lemma XN_eq_sum:
  "XN \<sigma> b \<xi> x0 N n w = x0 + (\<Sum>j<n. inverse (sqrt (real N)) *\<^sub>R (\<sigma> (XN \<sigma> b \<xi> x0 N j w) *v \<xi> (Suc j) w)
      + inverse (real N) *\<^sub>R b (XN \<sigma> b \<xi> x0 N j w))"
  by (induction n) (simp_all add: algebra_simps)

lemma one_le_blk: "N \<ge> 1 \<Longrightarrow> blk N \<ge> 1"
  unfolding blk_def by (simp add: le_nat_floor)

lemma blk_sq_le_sqrt: "(real (blk N))\<^sup>2 \<le> sqrt (real N)"
proof -
  have "real (blk N) \<le> root 4 (real N)" unfolding blk_def by simp
  hence "(real (blk N))\<^sup>2 \<le> (root 4 (real N))\<^sup>2" by (intro power_mono) auto
  also have "(root 4 (real N))\<^sup>2 = root 4 ((real N)\<^sup>2)"
    by (simp add: real_root_power)
  also have "\<dots> = sqrt (real N)"
    using real_root_mult_exp[of 2 2 "(real N)\<^sup>2"] real_root_power_cancel[of 2 "real N"]
    by (simp add: sqrt_def)
  finally show ?thesis .
qed

lemma kNt_eq_div:
  assumes "N \<ge> 1" "0 \<le> t"
  shows "kNt N t = nat \<lfloor>real N * t\<rfloor> div blk N"
proof -
  let ?B = "blk N" and ?n = "nat \<lfloor>real N * t\<rfloor>"
  have B: "?B \<ge> 1" using one_le_blk assms by simp
  have "real (k * ?B) \<le> real N * t \<longleftrightarrow> k * ?B \<le> ?n" for k
  proof -
    have "0 \<le> real N * t" using assms by simp
    thus ?thesis by linarith
  qed
  hence eq: "{k. real (nk N k) \<le> real N * t} = {k. k * ?B \<le> ?n}"
    by (auto simp: nk_def)
  show ?thesis unfolding kNt_def eq
  proof (rule Max_eqI)
    have kB: "k \<le> k * ?B" for k using B by simp
    show "finite {k. k * ?B \<le> ?n}"
      by (rule finite_subset[of _ "{..?n}"]) (auto intro: le_trans[OF kB])
    show "y \<le> ?n div ?B" if "y \<in> {k. k * ?B \<le> ?n}" for y
      using that B by (simp add: less_eq_div_iff_mult_less_eq)
    show "?n div ?B \<in> {k. k * ?B \<le> ?n}" by (simp add: div_times_less_eq_dividend)
  qed
qed

lemma div_eq_iff_le_mult_less:
  fixes m B :: nat
  assumes "0 < B"
  shows "m div B = k \<longleftrightarrow> k * B \<le> m \<and> m < Suc k * B"
  using assms by (meson div_less_iff_less_mult div_times_less_eq_dividend le_less_Suc_eq
      less_eq_div_iff_mult_less_eq)

lemma sum_blocks_eq_sum:
  fixes g :: "nat \<Rightarrow> nat \<Rightarrow> 'v::comm_monoid_add"
  assumes "B \<ge> 1"
  shows "(\<Sum>k\<in>{0..n div B}. \<Sum>l\<in>{k*B<..min (Suc k * B) n}. g k l) = (\<Sum>j<n. g (j div B) (Suc j))"
proof -
  have block: "{l \<in> {1..n}. (l - 1) div B = k} = {k*B<..min (Suc k * B) n}" for k
    using assms by (auto simp: div_eq_iff_le_mult_less)
  have "(\<Sum>j<n. g (j div B) (Suc j)) = (\<Sum>l\<in>{1..n}. g ((l - 1) div B) l)"
    by (rule sum.reindex_bij_witness[where i="\<lambda>l. l - 1" and j=Suc]) auto
  also have "\<dots> = (\<Sum>k\<in>{0..n div B}. \<Sum>l\<in>{l \<in> {1..n}. (l - 1) div B = k}. g ((l - 1) div B) l)"
    by (rule sum.group[symmetric]) (auto intro!: div_le_mono)
  also have "\<dots> = (\<Sum>k\<in>{0..n div B}. \<Sum>l\<in>{k*B<..min (Suc k * B) n}. g k l)"
    unfolding block
  proof (intro sum.cong refl)
    fix k l assume "l \<in> {k*B<..min (Suc k * B) n}"
    hence "(l - 1) div B = k" using block by blast
    thus "g ((l - 1) div B) l = g k l" by simp
  qed
  finally show ?thesis by simp
qed

lemma Xhat_eq_sum:
  assumes "N \<ge> 1" "0 \<le> t"
  shows "Xhat \<sigma> b \<xi> x0 N t w = x0 + inverse (sqrt (real N)) *\<^sub>R
    (\<Sum>j<nat \<lfloor>real N * t\<rfloor>. \<sigma> (XN \<sigma> b \<xi> x0 N (j div blk N * blk N) w) *v \<xi> (Suc j) w
       + inverse (sqrt (real N)) *\<^sub>R b (XN \<sigma> b \<xi> x0 N (j div blk N * blk N) w))"
proof -
  let ?B = "blk N" and ?n = "nat \<lfloor>real N * t\<rfloor>" and ?s = "inverse (sqrt (real N))"
  define g where "g k l = \<sigma> (XN \<sigma> b \<xi> x0 N (k * ?B) w) *v \<xi> l w
    + ?s *\<^sub>R b (XN \<sigma> b \<xi> x0 N (k * ?B) w)" for k l
  have "(\<Sum>k\<in>{0..kNt N t}.
        \<sigma> (XN \<sigma> b \<xi> x0 N (nk N k) w) *v (\<Sum>l\<in>{nk N k<..min (nk N (Suc k)) ?n}. \<xi> l w)
        + ?s *\<^sub>R ((real (min (nk N (Suc k)) ?n) - real (nk N k)) *\<^sub>R b (XN \<sigma> b \<xi> x0 N (nk N k) w)))
      = (\<Sum>k\<in>{0..?n div ?B}. \<Sum>l\<in>{k*?B<..min (Suc k * ?B) ?n}. g k l)"
    unfolding kNt_eq_div[OF assms]
  proof (rule sum.cong[OF refl])
    fix k assume "k \<in> {0..?n div ?B}"
    hence "k * ?B \<le> ?n div ?B * ?B" by simp
    also have "\<dots> \<le> ?n" by (rule div_times_less_eq_dividend)
    finally have card: "real (min (Suc k * ?B) ?n) - real (k * ?B)
        = real (card {k*?B<..min (Suc k * ?B) ?n})"
      by simp
    show "\<sigma> (XN \<sigma> b \<xi> x0 N (nk N k) w) *v (\<Sum>l\<in>{nk N k<..min (nk N (Suc k)) ?n}. \<xi> l w)
        + ?s *\<^sub>R ((real (min (nk N (Suc k)) ?n) - real (nk N k)) *\<^sub>R b (XN \<sigma> b \<xi> x0 N (nk N k) w))
        = (\<Sum>l\<in>{k*?B<..min (Suc k * ?B) ?n}. g k l)"
      unfolding g_def nk_def sum.distrib linear_sum[OF matrix_vector_mul_linear]
        sum_constant_scaleR card by (simp add: o_def)
  qed
  also have "\<dots> = (\<Sum>j<?n. g (j div ?B) (Suc j))"
    by (rule sum_blocks_eq_sum) (use one_le_blk assms in auto)
  finally show ?thesis unfolding Xhat_def g_def by simp
qed

locale euler_scheme =
  fixes \<sigma> :: "real^'d \<Rightarrow> real^'d^'d" and b :: "real^'d \<Rightarrow> real^'d" and L :: real
    and x0 :: "real^'d" and N :: nat
  assumes one_le_L: "L \<ge> 1"
    and \<sigma>_bounded: "\<And>x. norm (\<sigma> x) \<le> L" and b_bounded: "\<And>x. norm (b x) \<le> L"
    and \<sigma>_lipschitz: "\<And>x y. norm (\<sigma> x - \<sigma> y) \<le> L * norm (x - y)"
    and b_lipschitz: "\<And>x y. norm (b x - b y) \<le> L * norm (x - y)"
    and one_le_N: "N \<ge> 1"
begin

definition s :: real where
  "s = inverse (sqrt (real N))"

definition trunc_noise :: "real^'d \<Rightarrow> real^'d" where
  "trunc_noise v = (if norm v \<le> L then v else 0)"

text \<open>The scheme driven by a fixed noise sequence \<open>f\<close>, which also serves as the sample point of \<open>XN\<close>.\<close>
definition Xtr :: "(nat \<Rightarrow> real^'d) \<Rightarrow> nat \<Rightarrow> real^'d" where
  "Xtr f n = XN \<sigma> b (\<lambda>l f. trunc_noise (f l)) x0 N n f"

definition block_start :: "nat \<Rightarrow> nat" where
  "block_start j = j div blk N * blk N"

definition \<sigma>_gap :: "(nat \<Rightarrow> real^'d) \<Rightarrow> nat \<Rightarrow> real^'d^'d" where
  "\<sigma>_gap f j = \<sigma> (Xtr f j) - \<sigma> (Xtr f (block_start j))"

definition mart_incr :: "(nat \<Rightarrow> real^'d) \<Rightarrow> nat \<Rightarrow> real^'d" where
  "mart_incr f j = \<sigma>_gap f j *v trunc_noise (f (Suc j))"

definition mart :: "(nat \<Rightarrow> real^'d) \<Rightarrow> nat \<Rightarrow> real^'d" where
  "mart f n = (\<Sum>j<n. mart_incr f j)"

definition doob_weight :: "(nat \<Rightarrow> real^'d) \<Rightarrow> nat \<Rightarrow> real^'d" where
  "doob_weight f j = 8 *\<^sub>R mart f j - (4 * running_max (mart f) j) *\<^sub>R sgn (mart f j)"

definition drift_gap :: "(nat \<Rightarrow> real^'d) \<Rightarrow> nat \<Rightarrow> real^'d" where
  "drift_gap f n = (\<Sum>j<n. b (Xtr f j) - b (Xtr f (block_start j)))"

definition \<delta> :: real where
  "\<delta> = 2 * real (blk N) * s * L\<^sup>2"

definition error_const :: real where
  "error_const = 2 * s\<^sup>2 * (4 * real N * (L * \<delta> * L)\<^sup>2) + 2 * s ^ 4 * (real N * (L * \<delta>))\<^sup>2"

definition error_bound :: "(nat \<Rightarrow> real^'d) \<Rightarrow> real" where
  "error_bound f = error_const + 2 * s\<^sup>2 * (\<Sum>j<N. inner (doob_weight f j) (mart_incr f j))"

lemma s_pos: "0 < s" and s_le_1: "s \<le> 1" and s_sq: "s\<^sup>2 = inverse (real N)"
  and s_sq_mult_N: "s\<^sup>2 * real N = 1" and s_mult_sqrt_N: "s * sqrt (real N) = 1"
proof -
  have "1 \<le> sqrt (real N)" using one_le_N by simp
  thus "0 < s" "s \<le> 1" unfolding s_def by (auto intro: inverse_le_1_iff[THEN iffD2])
  show "s\<^sup>2 = inverse (real N)" "s\<^sup>2 * real N = 1" "s * sqrt (real N) = 1"
    using one_le_N by (auto simp: s_def power_inverse)
qed

lemma \<delta>_nonneg: "0 \<le> \<delta>"
  unfolding \<delta>_def using s_pos by simp

lemma block_start_le: "block_start j \<le> j"
  unfolding block_start_def by (rule div_times_less_eq_dividend)

lemma diff_block_start_less: "j - block_start j < blk N"
  using one_le_blk[OF one_le_N] by (simp add: block_start_def minus_div_mult_eq_mod)

lemma norm_trunc_noise_le: "norm (trunc_noise v) \<le> L"
  using one_le_L by (simp add: trunc_noise_def)

lemma trunc_noise_measurable[measurable]: "trunc_noise \<in> borel_measurable borel"
  unfolding trunc_noise_def by measurable

lemma \<sigma>_measurable: "\<sigma> \<in> borel_measurable borel"
  using \<sigma>_lipschitz by (intro borel_measurable_lipschitz) (simp add: dist_norm)

lemma b_measurable: "b \<in> borel_measurable borel"
  using b_lipschitz by (intro borel_measurable_lipschitz) (simp add: dist_norm)

lemma Xtr_cong: "(\<And>l. l \<in> {1..n} \<Longrightarrow> f l = g l) \<Longrightarrow> Xtr f n = Xtr g n"
  unfolding Xtr_def by (rule XN_cong) auto

lemma \<sigma>_gap_cong: "(\<And>l. l \<in> {1..j} \<Longrightarrow> f l = g l) \<Longrightarrow> \<sigma>_gap f j = \<sigma>_gap g j"
  unfolding \<sigma>_gap_def using block_start_le[of j]
  by (intro arg_cong2[where f=minus] arg_cong[where f=\<sigma>] Xtr_cong) auto

lemma mart_cong:
  assumes "\<And>l. l \<in> {1..n} \<Longrightarrow> f l = g l"
  shows "mart f n = mart g n"
proof -
  have "mart_incr f j = mart_incr g j" if "j < n" for j
    unfolding mart_incr_def using that assms[of "Suc j"] \<sigma>_gap_cong[of j f g] assms by simp
  thus ?thesis unfolding mart_def by (intro sum.cong) auto
qed

lemma doob_weight_cong:
  assumes "\<And>l. l \<in> {1..j} \<Longrightarrow> f l = g l"
  shows "doob_weight f j = doob_weight g j"
proof -
  have "mart f k = mart g k" if "k \<le> j" for k
    using that by (intro mart_cong assms) auto
  thus ?thesis
    unfolding doob_weight_def using running_max_cong[of j "mart f" "mart g"] by simp
qed

context
  fixes S :: "'b measure" and H :: "'b \<Rightarrow> nat \<Rightarrow> real^'d"
  assumes H_measurable: "\<And>l. l \<ge> 1 \<Longrightarrow> (\<lambda>x. H x l) \<in> borel_measurable S"
begin

lemma Xtr_measurable[measurable]: "(\<lambda>x. Xtr (H x) n) \<in> borel_measurable S"
proof -
  have "(\<lambda>x. XN \<sigma> b (\<lambda>l x. trunc_noise (H x l)) x0 N n x) \<in> borel_measurable S"
    using \<sigma>_measurable b_measurable by (rule XN_measurable) (use H_measurable in measurable)
  moreover have "Xtr (H x) n = XN \<sigma> b (\<lambda>l x. trunc_noise (H x l)) x0 N n x" for x
    unfolding Xtr_def by (rule XN_cong) simp
  ultimately show ?thesis by simp
qed

lemma \<sigma>_gap_measurable[measurable]: "(\<lambda>x. \<sigma>_gap (H x) j) \<in> borel_measurable S"
  unfolding \<sigma>_gap_def using \<sigma>_measurable by measurable

lemma mart_incr_measurable[measurable]: "(\<lambda>x. mart_incr (H x) j) \<in> borel_measurable S"
  unfolding mart_incr_def using H_measurable[of "Suc j"] by measurable

lemma doob_weight_measurable[measurable]: "(\<lambda>x. doob_weight (H x) j) \<in> borel_measurable S"
  unfolding doob_weight_def mart_def by measurable

end

lemma norm_Xtr_diff_le:
  "m \<le> j \<Longrightarrow> norm (Xtr f j - Xtr f m) \<le> real (j - m) * (s * L * L + s\<^sup>2 * L)"
proof (induction j rule: dec_induct)
  case (step j)
  let ?v = "s *\<^sub>R (\<sigma> (Xtr f j) *v trunc_noise (f (Suc j)))" and ?w = "s\<^sup>2 *\<^sub>R b (Xtr f j)"
  have step_eq: "Xtr f (Suc j) - Xtr f m = (Xtr f j - Xtr f m) + (?v + ?w)"
    unfolding Xtr_def s_sq by (simp add: s_def algebra_simps)
  have "norm (Xtr f (Suc j) - Xtr f m) \<le> norm (Xtr f j - Xtr f m) + (norm ?v + norm ?w)"
    unfolding step_eq by (rule order_trans[OF norm_triangle_ineq add_left_mono[OF norm_triangle_ineq]])
  also have "\<dots> \<le> real (j - m) * (s * L * L + s\<^sup>2 * L) + (s * L * L + s\<^sup>2 * L)"
  proof (intro add_mono step.IH)
    have "norm (\<sigma> (Xtr f j) *v trunc_noise (f (Suc j))) \<le> L * L"
      using \<sigma>_bounded norm_trunc_noise_le one_le_L
      by (intro order_trans[OF norm_matrix_vector_mult_le mult_mono]) auto
    thus "norm ?v \<le> s * L * L" using s_pos by (simp add: mult.assoc mult_left_mono)
    show "norm ?w \<le> s\<^sup>2 * L" using b_bounded[of "Xtr f j"] by (simp add: mult_left_mono)
  qed
  also have "\<dots> = real (Suc j - m) * (s * L * L + s\<^sup>2 * L)"
    using step by (simp add: Suc_diff_le algebra_simps)
  finally show ?case .
qed simp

WHAT YOU ARE ASKED TO DO:
Scan the data above for the word "longleftrightarrow" and report every line where it is found.

PROBLEM SOLUTION:
  have "real (k * ?B) \<le> real N * t \<longleftrightarrow> k * ?B \<le> ?n" for k
  shows "m div B = k \<longleftrightarrow> k * B \<le> m \<and> m < Suc k * B"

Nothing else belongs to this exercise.